紹介動画が終わると画面が切り替わり、主催のvtuber蒼海翔琉さんと実況の人が映し出され順番に挨拶をしていく。
実況の人は寺島さんと言うらしい。
翔琉さんは元プレデターということもあり解説的な立ち位置になるのだろうか。
「実況もあるんだ……」
『んね! ホントに本格的でドキドキしてきた!』
『ねぇ、凄いよね。これが事務所所属の力か……』
【すげー】
【本格的だ……】
【普通にプロの大会レベルなのでは?】
【ワクワク】
一通りの挨拶を終えると改めて翔琉さんがそれぞれ1チームずつチーム名とチームメンバーを紹介していき始める。
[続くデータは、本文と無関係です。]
(* Let $\bar{\mathbf{H}}_{RT}\in\mathbb{C}^{N_R\times N_T}$, $\bar{\mathbf{H}}_{RI}\in\mathbb{C}^{N_R\times N_I}$, $\bar{\mathbf{H}}_{IT}\in\mathbb{C}^{N_I\times N_T}$, $Y_0>0$, $P_T>0$, and let $\mathbf{P}\in\mathbb{R}^{N_I\times N_I}$ be symmetric positive definite and $\mathbf{Q}\in\mathbb{R}^{N_I\times N_I}$ symmetric. For real symmetric $\mathbf{B}_I\in\mathbb{R}^{N_I\times N_I}$ let $\bar{\mathbf{B}}_I=Y_0\mathbf{P}^{-1/2}(\mathbf{B}_I+\mathbf{Q})\mathbf{P}^{-1/2}$ and $\bar{\boldsymbol{\Theta}}=(Y_0\mathbf{I}+\mathrm{i}\bar{\mathbf{B}}_I)^{-1}(Y_0\mathbf{I}-\mathrm{i}\bar{\mathbf{B}}_I)$. Then $$\sup\Big\{P_T\big|\mathbf{g}^H(\bar{\mathbf{H}}_{RT}+\bar{\mathbf{H}}_{RI}\bar{\boldsymbol{\Theta}}\bar{\mathbf{H}}_{IT})\mathbf{w}\big|^2:\ \mathbf{B}_I=\mathbf{B}_I^T\in\mathbb{R}^{N_I\times N_I},\ \mathbf{w}\in\mathbb{C}^{N_T},\ \mathbf{g}\in\mathbb{C}^{N_R},\ \|\mathbf{w}\|_2=\|\mathbf{g}\|_2=1\Big\}$$ $$=P_T\max\Big\{\|\bar{\mathbf{H}}_{RT}\mathbf{w}+\bar{\mathbf{H}}_{RI}\mathbf{u}\|_2^2:\ \mathbf{u}\in\mathbb{C}^{N_I},\ \mathbf{w}\in\mathbb{C}^{N_T},\ \|\mathbf{u}\|_2=\|\bar{\mathbf{H}}_{IT}\mathbf{w}\|_2,\ \|\mathbf{w}\|_2=1\Big\}.$$
   Context: This is the receive-power maximization for a single-stream RIS-aided MIMO system with a fully-connected (lossless, reciprocal) RIS under the compact channel model $\bar{\mathbf{H}}_{RT}+\bar{\mathbf{H}}_{RI}\bar{\boldsymbol{\Theta}}\bar{\mathbf{H}}_{IT}$; $\mathbf{P}^{-1/2}$ denotes the inverse of the positive definite square root of $\mathbf{P}$, $\mathsf{i}$ the imaginary unit. *)

theory Defs
  imports "HOL-Analysis.Analysis"
begin

definition sym_real :: "real^'n^'n \<Rightarrow> bool" where
  "sym_real A \<longleftrightarrow> transpose A = A"

definition pos_def_real :: "real^'n^'n \<Rightarrow> bool" where
  "pos_def_real A \<longleftrightarrow> sym_real A \<and> (\<forall>x. x \<noteq> 0 \<longrightarrow> x \<bullet> (A *v x) > 0)"

definition pd_sqrt :: "real^'n^'n \<Rightarrow> real^'n^'n" where
  "pd_sqrt P = (THE S. pos_def_real S \<and> S ** S = P)"

definition inv_sqrt :: "real^'n^'n \<Rightarrow> real^'n^'n" where
  "inv_sqrt P = matrix_inv (pd_sqrt P)"

definition Bbar :: "real \<Rightarrow> real^'n^'n \<Rightarrow> real^'n^'n \<Rightarrow> real^'n^'n \<Rightarrow> real^'n^'n" where
  "Bbar Y0 P Q B = Y0 *\<^sub>R (inv_sqrt P ** (B + Q) ** inv_sqrt P)"

definition Theta_bar :: "real \<Rightarrow> real^'n^'n \<Rightarrow> real^'n^'n \<Rightarrow> real^'n^'n \<Rightarrow> complex^'n^'n" where
  "Theta_bar Y0 P Q B =
     matrix_inv (\<chi> i j. (if i = j then complex_of_real Y0 else 0) + \<i> * complex_of_real (Bbar Y0 P Q B $ i $ j))
     ** (\<chi> i j. (if i = j then complex_of_real Y0 else 0) - \<i> * complex_of_real (Bbar Y0 P Q B $ i $ j))"

definition herm_form :: "complex^'m \<Rightarrow> complex^'n^'m \<Rightarrow> complex^'n \<Rightarrow> complex" where
  "herm_form g M w = (\<Sum>i\<in>UNIV. cnj (g $ i) * ((M *v w) $ i))"

end

theory Submission
  imports Defs
begin

text \<open>Write \<open>\<Theta>(X) = (Y0 I + \<i> X)\<^sup>-\<^sup>1 (Y0 I - \<i> X)\<close>. Through the unique positive definite square root
  of \<open>P\<close>, \<open>B \<mapsto> B-bar\<close> is a bijection of the real symmetric matrices, so \<open>X = B-bar\<close> ranges over
  all of them. For real symmetric \<open>X\<close> the matrices \<open>Y0 I \<plusminus> \<i> X\<close> commute and have the same
  norm on every vector, hence \<open>\<Theta>(X)\<close> is unitary; with Cauchy-Schwarz in \<open>g\<close> this bounds the
  objective by \<open>\<parallel>H_RT w + H_RI u\<parallel>\<^sup>2\<close> with \<open>u = \<Theta>(X) H_IT w\<close> of norm \<open>\<parallel>H_IT w\<parallel>\<close>.

  Conversely \<open>\<Theta>(X) a = b\<close> is equivalent to \<open>X (a + b) = -\<i> Y0 (a - b)\<close>, i.e. to two real
  interpolation conditions \<open>X p1 = q1\<close>, \<open>X p2 = q2\<close>. A symmetric solution exists when
  \<open>p1 \<bullet> q2 = p2 \<bullet> q1\<close>, which is \<open>\<parallel>a\<parallel> = \<parallel>b\<parallel>\<close>, and \<open>p1, p2\<close> are non-degenerate. Degeneracy is
  removed by replacing \<open>(a, b)\<close> by \<open>(a + t, b + t)\<close> for a small \<open>t\<close>, so every admissible \<open>u\<close> is a
  limit of vectors \<open>\<Theta>(X) H_IT w\<close>. Aligning \<open>g\<close> with the received vector and maximising over the
  compact set of admissible \<open>(u, w)\<close> gives the equality.\<close>

section \<open>Symmetric matrices and positive definite square roots\<close>

lemma sym_real_inner:
  fixes A :: "real^'n^'n"
  assumes "sym_real A"
  shows "x \<bullet> (A *v y) = (A *v x) \<bullet> y"
proof -
  have "x \<bullet> (A *v y) = (x v* A) \<bullet> y" by (simp add: dot_lmul_matrix)
  also have "x v* A = transpose A *v x" by simp
  also have "\<dots> = A *v x" using assms by (simp add: sym_real_def)
  finally show ?thesis .
qed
そのチームに対しての印象や誰が強くてこの人はこのキャラが上手いとかそういう紹介みたいな、抱いた感想みたいなのを話していた。
『翔琉さん、このチームはどうみますか?』
『いやぁこのチームはなんてったって元プロのジンがいるから間違いなく上位に入り込んでくるだろうね。優勝候補だね』
『いやぁそうですよね。やっぱり元プロと言ってもつい最近までプロシーンの第一線で活躍していたのですから実力は相当なものです。普通に1vs1を挑めば絶対に勝ち目はないのではないですか?』
『僕もそう思います。ですが心配無用、その為にランク毎にポイントを設定してチーム三人の合計が30ポイントを超えないように組まなければいけないようにしています。なのでジンさんのポイントは馬鹿みたいに高いから、ポイントが低いランクの人としか組めないですね』
『なるほど、でもやっぱりフィジカルとかエイム勝負ってなったら余裕でジンさんが破壊しそうですけどその辺は……?』
『いやぁまぁ確かに破壊しちゃうかもしれないですけどほら、これってバトルロイヤルですし絶対なんてことはないんですよ。それにそういう相手に皆どうやって勝ちに行くのか、チームプレイで倒しに行くのか、はたまた全力で逃げるのか、とかそういうのも見ていきたいですね』
『なるほど、このカスタムでジンは破壊を見せてくれるのかも注目です。では次のチームに行きましょうか、続いてのチームはこちらです』
まだ時間がありそうなので、本配信を流しながら俺達は射撃訓練場と言う場所でエイムの練習をしていた。
スポーツとかでいうアップみたいなものだ。
やっぱり最近までプロシーンで活躍していた人がいるとなると勝ち目無くねって自信が無くなってくる。
でもこっちにも強いタケさんがいるんだ。1vs1をしなければ勝ち目はある……と思いたい。
でも出来る事ならジンさんがいるチームと戦いたくないな。
てか、俺達の時は一体どんな風に紹介してもらえるんだろう。翔琉さんにどんな風に思われているのか気になってワクワクする。